The district court decision notes the “rapidly-evolving nature of data security” and quotes the Supreme Court’s 1976 decision in General Electric v. Gilbert: “the rulings, interpretations and opinions of the Administrator under this Act, while not controlling upon the courts by reason of their authority, do constitute a body of experience and informed judgment to which courts and litigants may properly resort for guidance.” The Wyndham decision omits the subsequent sentence: “The weight of such a judgment in a particular case will depend upon the thoroughness evident in its consideration, the validity of its reasoning, its consistency with earlier and later pronouncements, and all those factors which give it power to persuade, if lacking power to control.”
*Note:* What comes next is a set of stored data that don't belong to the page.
fun hist :: "('v \<Rightarrow> ('p \<Rightarrow> 'a) \<Rightarrow> 'v) \<Rightarrow> ('p \<Rightarrow> ('v,'p,'a) strat) \<Rightarrow> 'v \<Rightarrow> nat
               \<Rightarrow> ('v,'p,'a) trans list" where
  "hist \<delta> P u 0 = []"
| "hist \<delta> P u (Suc n) =
     (let h = hist \<delta> P u n; s = cur_state u h; a = (\<lambda>\<beta>. P \<beta> u h)
      in h @ [(s, a, \<delta> s a)])"

definition outcome :: "('v \<Rightarrow> ('p \<Rightarrow> 'a) \<Rightarrow> 'v) \<Rightarrow> ('p \<Rightarrow> ('v,'p,'a) strat) \<Rightarrow> 'v
                       \<Rightarrow> nat \<Rightarrow> ('v,'p,'a) trans" where
  "outcome \<delta> P u n = hist \<delta> P u (Suc n) ! n"

(* cost_alpha of an outcome: sum of alpha-costs of transitions before F alpha is
   first visited; infinity if F alpha is never visited.
   cost s a alpha = alpha-cost of transition (s, a, delta s a). *)
definition path_cost :: "('v \<Rightarrow> ('p \<Rightarrow> 'a) \<Rightarrow> 'p \<Rightarrow> nat) \<Rightarrow> ('p \<Rightarrow> 'v set) \<Rightarrow> 'p
                         \<Rightarrow> (nat \<Rightarrow> ('v,'p,'a) trans) \<Rightarrow> enat" where
  "path_cost cost F \<alpha> \<rho> =
     (if \<exists>i. fst (\<rho> i) \<in> F \<alpha>
      then enat (\<Sum>i < (LEAST i. fst (\<rho> i) \<in> F \<alpha>). cost (fst (\<rho> i)) (fst (snd (\<rho> i))) \<alpha>)
      else \<infinity>)"

definition valid_strat :: "('p \<Rightarrow> 'a set) \<Rightarrow> 'p \<Rightarrow> ('v,'p,'a) strat \<Rightarrow> bool" where
  "valid_strat Act \<alpha> \<sigma> \<longleftrightarrow> (\<forall>u h. \<sigma> u h \<in> Act \<alpha>)"

definition valid_profile :: "('p \<Rightarrow> 'a set) \<Rightarrow> ('p \<Rightarrow> ('v,'p,'a) strat) \<Rightarrow> bool" where
  "valid_profile Act P \<longleftrightarrow> (\<forall>\<alpha>. valid_strat Act \<alpha> (P \<alpha>))"

definition is_NE :: "('p \<Rightarrow> 'a set) \<Rightarrow> ('v \<Rightarrow> ('p \<Rightarrow> 'a) \<Rightarrow> 'v) \<Rightarrow> ('v \<Rightarrow> ('p \<Rightarrow> 'a) \<Rightarrow> 'p \<Rightarrow> nat)
                     \<Rightarrow> ('p \<Rightarrow> 'v set) \<Rightarrow> 'v \<Rightarrow> ('p \<Rightarrow> ('v,'p,'a) strat) \<Rightarrow> bool" where
  "is_NE Act \<delta> cost F v0 P \<longleftrightarrow> valid_profile Act P \<and>
     (\<forall>\<alpha> \<sigma>'. valid_strat Act \<alpha> \<sigma>' \<longrightarrow>
        path_cost cost F \<alpha> (outcome \<delta> P v0) \<le> path_cost cost F \<alpha> (outcome \<delta> (P(\<alpha> := \<sigma>')) v0))"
Szoka continued: “The court notes that Congress has prescribed a three-part standard for unfairness but fails to assess whether the FTC has, through a series of unadjudicated settlements, thoroughly or rigorously applied that standard, or whether the approach it has taken in reality a run-around of clear Congressional intent. We believe the FTC must do more to explain its analysis of both unfairness and deception, that, in most cases, it could do so in most cases without great difficulty, but that in hard cases, the future direction of the law must ultimately be up to the courts, not the three unelected FTC bureaucrats. We hope Wyndham will focus on these question in its appeal and at the motion for summary judgment. If the courts do not force the FTC to apply greater analytical rigor in what it increasingly calls a ‘common law’ of data security and privacy, it will fall to Congress to reform the FTC’s processes to ensure greater checks on the agency’s discretion.”

Szoka is co-author, along with Geoffrey Manne and Gus Hurwitz, of the FTC: Technology & Reform Project’s initial report, “Consumer Protection & Competition Regulation in a High-Tech World: Discussing the Future of the Federal Trade Commission,” which critiques the FTC’s processes and suggests areas where the FTC, the courts and Congress could improve how the FTC applies its sweeping unfairness and deception powers in data security, privacy and other cases, especially related to technology.